[ASSIGNMENT] Go through the entries below from the first line and output each one exactly, up to and including the line with "text \<open>A coloring".
::::::::
(* Let $A=(a_{pq})$ be an $m\times m$ coloring matrix. Suppose $I,J\subseteq\{1,\dots,m\}$ are disjoint sets with $|I|=|J|$ such that $\sum_{i\in I}t_A^{(i)}(n)=\sum_{j\in J}t_A^{(j)}(n)$ for all $n$, and that $\ell\in\{1,\dots,m\}$ is a color (possibly in $I$ or $J$) with $a_{\ell i}=0$ for all $i\in I$ and $a_{\ell j}=1$ for all $j\in J$. Let $B=(b_{pq})$ be the $m\times m$ coloring matrix defined by $b_{pq}=1$ if $p=\ell$ and $q\in I$, $b_{pq}=0$ if $p=\ell$ and $q\in J$, and $b_{pq}=a_{pq}$ otherwise. Then $A$ and $B$ are strictly tree coloring equivalent. Furthermore, for all $n\ge1$, $$\sum_{i\in I}t^{(i)}_A(n)=\sum_{j\in J}t^{(j)}_A(n)=\sum_{i\in I}t^{(i)}_{B}(n)=\sum_{j\in J}t^{(j)}_{B}(n).$$
   Context: A plane tree is an unlabeled rooted tree in which the children of every vertex are linearly ordered. A coloring matrix is an $m\times m$ matrix $A=(a_{ij})$ with entries in $\{0,1\}$. An $A$-coloring of a plane tree assigns to each vertex a color in $\{1,\dots,m\}$ such that whenever a vertex of color $j$ is a child of a vertex of color $i$, $a_{ij}=1$. Let $t_A^{(i)}(n)$ be the number of pairs (plane tree with $n$ vertices, $A$-coloring of it) in which the root has color $i$. Two $m\times m$ coloring matrices $A,B$ are strictly tree coloring equivalent if $t_A^{(i)}(n)=t_B^{(i)}(n)$ for all $n\ge1$ and all $1\le i\le m$. *)

theory Defs
  imports Main
begin

text \<open>A plane tree is a unit-labelled tree; a pair (plane tree, coloring of it) is the same as a
  nat-labelled tree (its shape being the plane tree, the labels being the colors).\<close>
datatype 'a ltree = LNode 'a "'a ltree list"

type_synonym plane_tree = "unit ltree"

fun root_label :: "'a ltree \<Rightarrow> 'a" where
  "root_label (LNode a ts) = a"

fun num_vertices :: "'a ltree \<Rightarrow> nat" where
  "num_vertices (LNode a ts) = Suc (sum_list (map num_vertices ts))"

fun shape :: "'a ltree \<Rightarrow> plane_tree" where
  "shape (LNode a ts) = LNode () (map shape ts)"

text \<open>A coloring matrix of size m is represented by a function A :: nat => nat => bool on
  indices 1..m, where A i j = True means a_ij = 1.  A colored tree is a valid A-coloring if all
  colors lie in {1..m} and whenever a child of color j has parent of color i, a_ij = 1.\<close>
fun valid_coloring :: "nat \<Rightarrow> (nat \<Rightarrow> nat \<Rightarrow> bool) \<Rightarrow> nat ltree \<Rightarrow> bool" where
  "valid_coloring m A (LNode c ts) \<longleftrightarrow>
     c \<in> {1..m} \<and>
     (\<forall>t\<in>set ts. A c (root_label t) \<and> valid_coloring m A t)"

definition tcount :: "nat \<Rightarrow> (nat \<Rightarrow> nat \<Rightarrow> bool) \<Rightarrow> nat \<Rightarrow> nat \<Rightarrow> nat" where
  "tcount m A i n = card {T :: nat ltree. num_vertices T = n \<and> valid_coloring m A T \<and> root_label T = i}"

definition strictly_tree_coloring_equivalent ::
  "nat \<Rightarrow> (nat \<Rightarrow> nat \<Rightarrow> bool) \<Rightarrow> (nat \<Rightarrow> nat \<Rightarrow> bool) \<Rightarrow> bool" where
  "strictly_tree_coloring_equivalent m A B \<longleftrightarrow>
     (\<forall>n\<ge>1. \<forall>i\<in>{1..m}. tcount m A i n = tcount m B i n)"

end

theory Submission
  imports Defs
begin

text \<open>Deleting the root of an A-colored tree with root color i leaves a forest whose roots
  have colors j with a_ij = 1. Hence t_A^(i)(n+1) is determined by the child sums
  s_A^(i)(k) = \<Sum>{t_A^(j)(k) | a_ij = 1}, k \<le> n. Passing from A to B changes only row l, and
  there it changes the child sum by \<Sum>{t_A^(i)(k) | i \<in> I} - \<Sum>{t_A^(j)(k) | j \<in> J} = 0;
  so strong induction on n gives t_A = t_B.\<close>

definition colored_trees :: "nat \<Rightarrow> (nat \<Rightarrow> nat \<Rightarrow> bool) \<Rightarrow> nat set \<Rightarrow> nat \<Rightarrow> nat ltree set" where
  "colored_trees m A R n = {T. num_vertices T = n \<and> valid_coloring m A T \<and> root_label T \<in> R}"

definition colored_forests :: "nat \<Rightarrow> (nat \<Rightarrow> nat \<Rightarrow> bool) \<Rightarrow> nat set \<Rightarrow> nat \<Rightarrow> nat ltree list set" where
  "colored_forests m A R n = {ts. sum_list (map num_vertices ts) = n \<and>
      (\<forall>t\<in>set ts. valid_coloring m A t \<and> root_label t \<in> R)}"

lemma num_vertices_pos [simp]: "0 < num_vertices T"
  by (cases T) simp

lemma num_vertices_neq_0 [simp]: "num_vertices T \<noteq> 0"
  by simp

lemma length_le_sum_num_vertices: "length ts \<le> sum_list (map num_vertices ts)"
proof (induction ts)
  case (Cons t ts)
  then show ?case
    using num_vertices_pos[of t] by (simp del: num_vertices_pos)
qed simp

lemma num_vertices_le_sum: "t \<in> set ts \<Longrightarrow> num_vertices t \<le> sum_list (map num_vertices ts)"
  by (induction ts) auto

lemma root_label_valid_coloring: "valid_coloring m A T \<Longrightarrow> root_label T \<in> {1..m}"
  by (cases T) simp

lemma colored_forests_0: "colored_forests m A R 0 = {[]}"
proof -
  have "ts = []" if "sum_list (map num_vertices ts) = 0" for ts
    using that length_le_sum_num_vertices[of ts] by simp
  then show ?thesis
    by (auto simp: colored_forests_def)
qed

lemma colored_forests_Suc:
  "colored_forests m A R (Suc n) =
     (\<Union>k\<in>{1..Suc n}. (\<lambda>(t, ts). t # ts) ` (colored_trees m A R k \<times> colored_forests m A R (Suc n - k)))"
proof
  show "colored_forests m A R (Suc n) \<subseteq>
      (\<Union>k\<in>{1..Suc n}. (\<lambda>(t, ts). t # ts) ` (colored_trees m A R k \<times> colored_forests m A R (Suc n - k)))"
  proof
    fix ts assume ts: "ts \<in> colored_forests m A R (Suc n)"
    then obtain t ts' where ts_Cons: "ts = t # ts'"
      by (cases ts) (auto simp: colored_forests_def)
    have "num_vertices t \<in> {1..Suc n}"
      using ts ts_Cons by (auto simp: colored_forests_def Suc_le_eq)
    moreover have "(t, ts') \<in> colored_trees m A R (num_vertices t) \<times>
        colored_forests m A R (Suc n - num_vertices t)"
      using ts ts_Cons by (auto simp: colored_forests_def colored_trees_def)
    ultimately show "ts \<in> (\<Union>k\<in>{1..Suc n}. (\<lambda>(t, ts). t # ts) `
        (colored_trees m A R k \<times> colored_forests m A R (Suc n - k)))"
      using ts_Cons by force
  qed
qed (auto simp: colored_forests_def colored_trees_def)

lemma colored_trees_root_Suc:
  "{T. num_vertices T = Suc n \<and> valid_coloring m A T \<and> root_label T = i} =
     (if i \<in> {1..m} then LNode i ` colored_forests m A {j. A i j} n else {})"
proof (cases "i \<in> {1..m}")
  case True
  have "T \<in> LNode i ` colored_forests m A {j. A i j} n"
    if "num_vertices T = Suc n" "valid_coloring m A T" "root_label T = i" for T
    using that by (cases T) (auto simp: colored_forests_def)
  then show ?thesis
    using True by (auto simp: colored_forests_def)
qed (use root_label_valid_coloring in fastforce)

lemma finite_valid_colorings: "finite {T. num_vertices T \<le> n \<and> valid_coloring m A T}"
proof (induction n)
  case 0
  then show ?case by simp
next
  case (Suc n)
  let ?small = "{T. num_vertices T \<le> n \<and> valid_coloring m A T}"
  have "{T. num_vertices T \<le> Suc n \<and> valid_coloring m A T} \<subseteq>
      ?small \<union> (\<lambda>(i, ts). LNode i ts) ` ({1..m} \<times> {ts. set ts \<subseteq> ?small \<and> length ts \<le> n})"
  proof
    fix T assume T: "T \<in> {T. num_vertices T \<le> Suc n \<and> valid_coloring m A T}"
    obtain i ts where T_eq: "T = LNode i ts"
      by (cases T)
    have "t \<in> ?small" if "t \<in> set ts" "num_vertices T = Suc n" for t
      using T that T_eq num_vertices_le_sum[of t ts] by auto
    moreover have "length ts \<le> n" if "num_vertices T = Suc n"
      using that T_eq length_le_sum_num_vertices[of ts] by simp
    ultimately show "T \<in> ?small \<union> (\<lambda>(i, ts). LNode i ts) `
        ({1..m} \<times> {ts. set ts \<subseteq> ?small \<and> length ts \<le> n})"
      using T T_eq by (cases "num_vertices T = Suc n") auto
  qed
  then show ?case
    using Suc.IH finite_lists_length_le[of ?small n] by (blast intro: finite_subset)
qed

lemma finite_colored_trees: "finite (colored_trees m A R n)"
  by (rule finite_subset[OF _ finite_valid_colorings[of n m A]]) (auto simp: colored_trees_def)

lemma finite_colored_forests: "finite (colored_forests m A R n)"
proof (rule finite_subset)
  show "colored_forests m A R n \<subseteq>
      {ts. set ts \<subseteq> {T. num_vertices T \<le> n \<and> valid_coloring m A T} \<and> length ts \<le> n}"
    using num_vertices_le_sum length_le_sum_num_vertices
    by (fastforce simp: colored_forests_def)
qed (simp add: finite_lists_length_le finite_valid_colorings)

lemma card_colored_forests_Suc:
  "card (colored_forests m A R (Suc n)) =
     (\<Sum>k=1..Suc n. card (colored_trees m A R k) * card (colored_forests m A R (Suc n - k)))"
proof -
  have Cons_inj: "inj_on (\<lambda>(t, ts). t # ts) X" for X :: "(nat ltree \<times> nat ltree list) set"
    by (auto simp: inj_on_def)
  have "card (colored_forests m A R (Suc n)) =
      (\<Sum>k=1..Suc n. card ((\<lambda>(t, ts). t # ts) ` (colored_trees m A R k \<times> colored_forests m A R (Suc n - k))))"
    unfolding colored_forests_Suc
    by (rule card_UN_disjoint)
      (use finite_colored_trees finite_colored_forests in \<open>auto simp: colored_trees_def\<close>)
  then show ?thesis
    by (simp add: card_image[OF Cons_inj] card_cartesian_product)
qed

lemma card_colored_forests_eqI:
  assumes "\<And>k. k \<in> {1..n} \<Longrightarrow> card (colored_trees m A R k) = card (colored_trees m' B R' k)"
  shows "card (colored_forests m A R n) = card (colored_forests m' B R' n)"
  using assms
proof (induction n rule: less_induct)
  case (less n)
  show ?case
  proof (cases n)
    case 0
    then show ?thesis by (simp add: colored_forests_0)
  next
    case (Suc n')
    have "card (colored_forests m A R (Suc n' - k)) = card (colored_forests m' B R' (Suc n' - k))"
      if "k \<in> {1..Suc n'}" for k
      using that less.prems Suc by (intro less.IH) auto
    then show ?thesis
      unfolding Suc card_colored_forests_Suc using less.prems Suc by (intro sum.cong) auto
  qed
qed

lemma card_colored_trees: "card (colored_trees m A R n) = (\<Sum>j\<in>R \<inter> {1..m}. tcount m A j n)"
proof -
  have "colored_trees m A R n =
      (\<Union>j\<in>R \<inter> {1..m}. {T. num_vertices T = n \<and> valid_coloring m A T \<and> root_label T = j})"
    using root_label_valid_coloring by (auto simp: colored_trees_def)
  moreover have "finite {T. num_vertices T = n \<and> valid_coloring m A T \<and> root_label T = j}" for j
    using finite_colored_trees[of m A "{j}" n] by (simp add: colored_trees_def)
  ultimately show ?thesis
    unfolding tcount_def by (simp add: card_UN_disjoint disjoint_iff)
qed

lemma tcount_0: "tcount m A i 0 = 0"
  by (simp add: tcount_def)

lemma tcount_Suc:
  "tcount m A i (Suc n) = (if i \<in> {1..m} then card (colored_forests m A {j. A i j} n) else 0)"
  unfolding tcount_def colored_trees_root_Suc by (simp add: card_image inj_on_def)

lemma tcount_eqI:
  assumes child_sums: "\<And>i k. i \<in> {1..m} \<Longrightarrow>
    (\<Sum>j\<in>{j. A i j} \<inter> {1..m}. tcount m A j k) = (\<Sum>j\<in>{j. B i j} \<inter> {1..m}. tcount m A j k)"
  shows "tcount m A i n = tcount m B i n"
proof (induction n arbitrary: i rule: less_induct)
  case (less n)
  show ?case
  proof (cases n)
    case 0
    then show ?thesis by (simp add: tcount_0)
  next
    case (Suc n')
    have "card (colored_forests m A {j. A i j} n') = card (colored_forests m B {j. B i j} n')"
      if i: "i \<in> {1..m}"
    proof (rule card_colored_forests_eqI)
      fix k assume "k \<in> {1..n'}"
      then have "k < n" using Suc by simp
      have "card (colored_trees m A {j. A i j} k) = (\<Sum>j\<in>{j. A i j} \<inter> {1..m}. tcount m A j k)"
        by (rule card_colored_trees)
      also have "\<dots> = (\<Sum>j\<in>{j. B i j} \<inter> {1..m}. tcount m A j k)"
        using child_sums i .
      also have "\<dots> = (\<Sum>j\<in>{j. B i j} \<inter> {1..m}. tcount m B j k)"
        using less.IH \<open>k < n\<close> by simp
      also have "\<dots> = card (colored_trees m B {j. B i j} k)"
        by (rule card_colored_trees[symmetric])
      finally show "card (colored_trees m A {j. A i j} k) = card (colored_trees m B {j. B i j} k)" .
    qed
    then show ?thesis
      unfolding Suc tcount_Suc by simp
  qed
qed

lemma sum_replace_subset:
  fixes f :: "'a \<Rightarrow> 'b::comm_monoid_add"
  assumes "finite R" "finite I" "J \<subseteq> R" "I \<inter> R = {}" "sum f I = sum f J"
  shows "sum f ((R - J) \<union> I) = sum f R"
proof -
  have "sum f ((R - J) \<union> I) = sum f (R - J) + sum f I"
    using assms(1,2,4) by (intro sum.union_disjoint) auto
  also have "\<dots> = sum f (R - J) + sum f J"
    using assms(5) by simp
  also have "\<dots> = sum f R"
    using assms(1,3) by (simp add: sum.subset_diff[of J R])
  finally show ?thesis .
qed

theorem theorem15:
  fixes m :: nat and A B :: "nat \<Rightarrow> nat \<Rightarrow> bool" and I J :: "nat set" and l :: nat
  assumes "I \<subseteq> {1..m}" and "J \<subseteq> {1..m}" and "I \<inter> J = {}" and "card I = card J"
    and "\<forall>n. (\<Sum>i\<in>I. tcount m A i n) = (\<Sum>j\<in>J. tcount m A j n)"
    and "l \<in> {1..m}"
    and "\<forall>i\<in>I. \<not> A l i" and "\<forall>j\<in>J. A l j"
    and "\<forall>p q. B p q = (if p = l \<and> q \<in> I then True
                        else if p = l \<and> q \<in> J then False else A p q)"
  shows "strictly_tree_coloring_equivalent m A B \<and>
    (\<forall>n\<ge>1. (\<Sum>i\<in>I. tcount m A i n) = (\<Sum>j\<in>J. tcount m A j n) \<and>
            (\<Sum>j\<in>J. tcount m A j n) = (\<Sum>i\<in>I. tcount m B i n) \<and>
            (\<Sum>i\<in>I. tcount m B i n) = (\<Sum>j\<in>J. tcount m B j n))"
proof -
  have "(\<Sum>j\<in>{j. A i j} \<inter> {1..m}. tcount m A j k) = (\<Sum>j\<in>{j. B i j} \<inter> {1..m}. tcount m A j k)"
    for i k
  proof (cases "i = l")
    case True
    then have "{j. B i j} \<inter> {1..m} = ({j. A i j} \<inter> {1..m} - J) \<union> I"
      using assms(1,9) by auto
    moreover have "(\<Sum>j\<in>({j. A i j} \<inter> {1..m} - J) \<union> I. tcount m A j k) =
        (\<Sum>j\<in>{j. A i j} \<inter> {1..m}. tcount m A j k)"
      using True assms(1,2,5,7,8) by (intro sum_replace_subset) (auto intro: finite_subset)
    ultimately show ?thesis by simp
  qed (use assms(9) in simp)
  then have "tcount m A i n = tcount m B i n" for i n
    by (rule tcount_eqI)
  then show ?thesis
    unfolding strictly_tree_coloring_equivalent_def using assms(5) by simp
qed

end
::::::::
[ANSWER BELOW]
(* Let $A=(a_{pq})$ be an $m\times m$ coloring matrix. Suppose $I,J\subseteq\{1,\dots,m\}$ are disjoint sets with $|I|=|J|$ such that $\sum_{i\in I}t_A^{(i)}(n)=\sum_{j\in J}t_A^{(j)}(n)$ for all $n$, and that $\ell\in\{1,\dots,m\}$ is a color (possibly in $I$ or $J$) with $a_{\ell i}=0$ for all $i\in I$ and $a_{\ell j}=1$ for all $j\in J$. Let $B=(b_{pq})$ be the $m\times m$ coloring matrix defined by $b_{pq}=1$ if $p=\ell$ and $q\in I$, $b_{pq}=0$ if $p=\ell$ and $q\in J$, and $b_{pq}=a_{pq}$ otherwise. Then $A$ and $B$ are strictly tree coloring equivalent. Furthermore, for all $n\ge1$, $$\sum_{i\in I}t^{(i)}_A(n)=\sum_{j\in J}t^{(j)}_A(n)=\sum_{i\in I}t^{(i)}_{B}(n)=\sum_{j\in J}t^{(j)}_{B}(n).$$
   Context: A plane tree is an unlabeled rooted tree in which the children of every vertex are linearly ordered. A coloring matrix is an $m\times m$ matrix $A=(a_{ij})$ with entries in $\{0,1\}$. An $A$-coloring of a plane tree assigns to each vertex a color in $\{1,\dots,m\}$ such that whenever a vertex of color $j$ is a child of a vertex of color $i$, $a_{ij}=1$. Let $t_A^{(i)}(n)$ be the number of pairs (plane tree with $n$ vertices, $A$-coloring of it) in which the root has color $i$. Two $m\times m$ coloring matrices $A,B$ are strictly tree coloring equivalent if $t_A^{(i)}(n)=t_B^{(i)}(n)$ for all $n\ge1$ and all $1\le i\le m$. *)

theory Defs
  imports Main
begin

text \<open>A plane tree is a unit-labelled tree; a pair (plane tree, coloring of it) is the same as a
  nat-labelled tree (its shape being the plane tree, the labels being the colors).\<close>
datatype 'a ltree = LNode 'a "'a ltree list"

type_synonym plane_tree = "unit ltree"

fun root_label :: "'a ltree \<Rightarrow> 'a" where
  "root_label (LNode a ts) = a"

fun num_vertices :: "'a ltree \<Rightarrow> nat" where
  "num_vertices (LNode a ts) = Suc (sum_list (map num_vertices ts))"

fun shape :: "'a ltree \<Rightarrow> plane_tree" where
  "shape (LNode a ts) = LNode () (map shape ts)"

text \<open>A coloring matrix of size m is represented by a function A :: nat => nat => bool on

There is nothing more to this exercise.